Lung tissues from tumor-bearing mice were fixed in 10% formalin. Lung tissue was embedded in paraffin and sectioned at 5 μm thickness. Deparaffinization was performed on the tissue sections with xylene for 10 min. The sections were dehydrated and stained with hematoxylin (Cancer Diagnostics, Inc., Durham, NC, USA) for 1 min and washed with tap water for 10 min. The slides were then stained with eosin for 30 s and washed again in tap water for 10 min, and dehydrated with increasing concentrations of ethanol. Tissue slides were mounted and photographed at 1.25× under a light microscope (Olympus, Tokyo, Japan). The lung nodule area was calculated using ImageJ software (1.54d version).

4.6. Statistics

The data collected were analyzed using Prism 5.01 software (GraphPad Software Inc., San Diego, CA, USA), and are expressed as the mean ± standard error of mean (SEM). All data were tested for normality using the normality test in GraphPad prism. One-way analysis of variance (ANOVA) followed by the Newman–Keuls test or two-way ANOVA followed by the Bonferroni post hoc test was performed for group comparisons. p < 0.05 was considered to indicate a statistically significant difference.

Author Contributions

Conceptualization: H.B.; Data curation: S.K., I.-H.H., S.L., J.K. (Jongyeob Kim), J.K. (Joon Kim), J.-W.J. and H.B.; Formal analysis: S.K. and I.-H.H.; Funding acquisition: J.-W.J.; Methodology: S.K., D.P. and H.L.; Supervision: J.-W.J. and H.B.; Writing—Original draft: S.K.; Writing—review and editing: S.K., I.-H.H. and H.B. All authors have read and agreed to the published version of the manuscript.

Funding

This work was supported by the Korea Drug Development Fund funded by the Ministry of Science and ICT; Ministry of Trade, Industry and Energy; and Ministry of Health and Welfare, Republic of Korea [grant number RS-2021-DD121403 (1711200672)] and the Korea Dementia Research Center funded by the Ministry of Science and ICT; Ministry of Health and Welfare; and Korea Health Industry Development Institute, Republic of Korea [grant number RS-2023-KH-136029]. The funding agencies had no role in study design; in the collection, analysis and interpretation of data; in the writing of the report; and in the decision to submit the article for publication.

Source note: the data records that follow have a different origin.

lemma reduction_step_exists:
  assumes pp: "pseudo_projective F Fm i" and x: "ker_dsum F Fm i x"
  shows "\<exists>x'. ker_dsum F Fm i x' \<and> reduction_step F Fm i x x'"
proof -
  define J where "J = supp x"
  define M where "M = maxs J"
  obtain Kj yj where dec: "\<And>j. j \<in> M \<Longrightarrow>
    finite (Kj j) \<and> (\<forall>k\<in>Kj j. k < j \<and> yj j k \<in> F k) \<and> x j = (\<Sum>k\<in>Kj j. Fm k j (yj j k))"
    using pseudo_projective_decompose_maxs[OF pp] x unfolding ker_dsum_def M_def J_def by blast
  define K where "K = prod.swap ` (SIGMA j:M. Kj j)"
  define y where "y k j = yj j k" for k j
  define x' where "x' l = x l + (\<Sum>(k,j)\<in>K. gen Fm k j (y k j) l)" for l
  have J: "finite J" "\<forall>j\<in>J. j < i" "\<forall>j. x j \<in> F j"
    using x unfolding ker_dsum_def dsum_iff J_def by auto
  have M: "M \<subseteq> J" "finite M"
    using J(1) unfolding M_def maxs_def by (auto intro: finite_subset)
  have "finite K"
    unfolding K_def using M(2) dec by auto
  have K: "\<forall>(k,j)\<in>K. j \<in> M \<and> k < j \<and> y k j \<in> F k"
    unfolding K_def y_def using dec by auto
  have x'_eq: "x' l = (if l \<in> M then 0 else x l) + (\<Sum>j\<in>M. if l \<in> Kj j then yj j l else 0)" for l
    unfolding x'_def K_def y_def using add_sum_gens_cancel[OF M(2)] dec by blast
  have "supp x' \<subseteq> (J - M) \<union> (\<Union>j\<in>M. Kj j)"
    using M(1) unfolding x'_eq supp_def J_def by (auto intro: sum.neutral)
  then have less: "set_less (supp x') J"
    using M(1) dec unfolding set_less_def M_def maxs_def by blast
  have dsum': "dsum F i x'"
    unfolding dsum_iff
  proof (intro conjI allI ballI)
    show "x' l \<in> F l" for l
      unfolding x'_eq using J(3) dec by (auto intro!: add_in_F sum_in_F)
    show "finite (supp x')"
      using \<open>supp x' \<subseteq> _\<close> J(1) M(2) dec by (auto intro: finite_subset)
    show "l < i" if "l \<in> supp x'" for l
      using less that J(2) unfolding set_less_def by (blast dest: order.strict_trans)
  qed
  have diff: "\<forall>l. x' l - x l = (\<Sum>(k,j)\<in>K. gen Fm k j (y k j) l)"
    by (simp add: x'_def)
  have "\<forall>(k,j)\<in>K. k < j \<and> j < i \<and> y k j \<in> F k"
    using K M(1) J(2) by auto
  then have colim: "colim_eq F Fm i x x'"
    unfolding colim_eq_def using \<open>finite K\<close> diff by blast
  have "ker_dsum F Fm i x'"
    using sum_Fm_colim_eq[OF _ dsum' colim] x dsum' unfolding ker_dsum_def by simp
  moreover have "reduction_step F Fm i x x'"
    unfolding reduction_step_def using \<open>finite K\<close> K diff colim less by (auto simp: M_def J_def)
  ultimately show ?thesis
    by blast
qed

end

theorem lemma6p1:
  fixes s :: "'r::comm_ring_1 \<Rightarrow> 'm::ab_group_add \<Rightarrow> 'm"
    and F :: "'p::order \<Rightarrow> 'm set" and Fm :: "'p \<Rightarrow> 'p \<Rightarrow> 'm \<Rightarrow> 'm"
    and i :: 'p and x :: "'p \<Rightarrow> 'm"
  assumes dcc: "wf {(a, b). (a::'p) < b}"
    and func: "is_functor s F Fm"
    and pp: "pseudo_projective F Fm i"
    and x: "dsum F i x"
    and x0: "(\<Sum>j\<in>supp x. Fm j i (x j)) = 0"
  shows "\<exists>xs :: nat \<Rightarrow> 'p \<Rightarrow> 'm. xs 0 = x \<and>
    (\<forall>n. dsum F i (xs n) \<and>
         (\<Sum>j\<in>supp (xs n). Fm j i (xs n j)) = 0 \<and>
         (\<exists>K y. finite K \<and>
            (\<forall>(k,j)\<in>K. j \<in> maxs (supp (xs n)) \<and> k < j \<and> y k j \<in> F k) \<and>
            (\<forall>l. xs (Suc n) l - xs n l = (\<Sum>(k,j)\<in>K. gen Fm k j (y k j) l))) \<and>
         colim_eq F Fm i (xs n) (xs (Suc n)) \<and>
         set_less (supp (xs (Suc n))) (supp (xs n))) \<and>
    (\<exists>N>0. \<forall>n\<ge>N. \<forall>j. j < i \<longrightarrow> xs n j = 0)"
proof -
  interpret module_functor s F Fm
    by (rule module_functor.intro[OF func])
  have "\<forall>z. ker_dsum F Fm i z \<longrightarrow> (\<exists>z'. ker_dsum F Fm i z' \<and> reduction_step F Fm i z z')"
    using reduction_step_exists[OF pp] by blast
  then obtain reduce where reduce: "\<And>z. ker_dsum F Fm i z \<Longrightarrow>
      ker_dsum F Fm i (reduce z) \<and> reduction_step F Fm i z (reduce z)"
    unfolding choice_iff' by blast
  define xs where "xs n = (reduce ^^ n) x" for n
  have ker: "ker_dsum F Fm i (xs n)" for n
    by (induction n) (use x x0 reduce in \<open>auto simp: xs_def ker_dsum_def\<close>)
  have step: "reduction_step F Fm i (xs n) (xs (Suc n))" for n
    using reduce[OF ker[of n]] by (simp add: xs_def)
  obtain N where "\<forall>n\<ge>N. supp (xs n) = {}"
    using set_less_chain_vanishes[OF dcc, of "\<lambda>n. supp (xs n)"] ker step
    unfolding ker_dsum_def dsum_iff reduction_step_def by blast
  then have "\<forall>n\<ge>Suc N. \<forall>j. j < i \<longrightarrow> xs n j = 0"
    by (auto simp: supp_def)
  then show ?thesis
    using ker step unfolding ker_dsum_def reduction_step_def
    by (intro exI[of _ xs] conjI exI[of _ "Suc N"]) (auto simp: xs_def)
qed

Institutional Review Board Statement

The animal study protocol was approved by the Institutional Animal Care and Use Committee of Kyung Hee University (KHUASP(SE)-24-041) on 18 January 2024.

Informed Consent Statement

Not applicable.

Data Availability Statement

All data generated or analyzed during this study are included in this published article.

Conflicts of Interest

All authors declare that the research was conducted in the absence of any commercial or financial relationships that could be construed as a potential conflict of interest.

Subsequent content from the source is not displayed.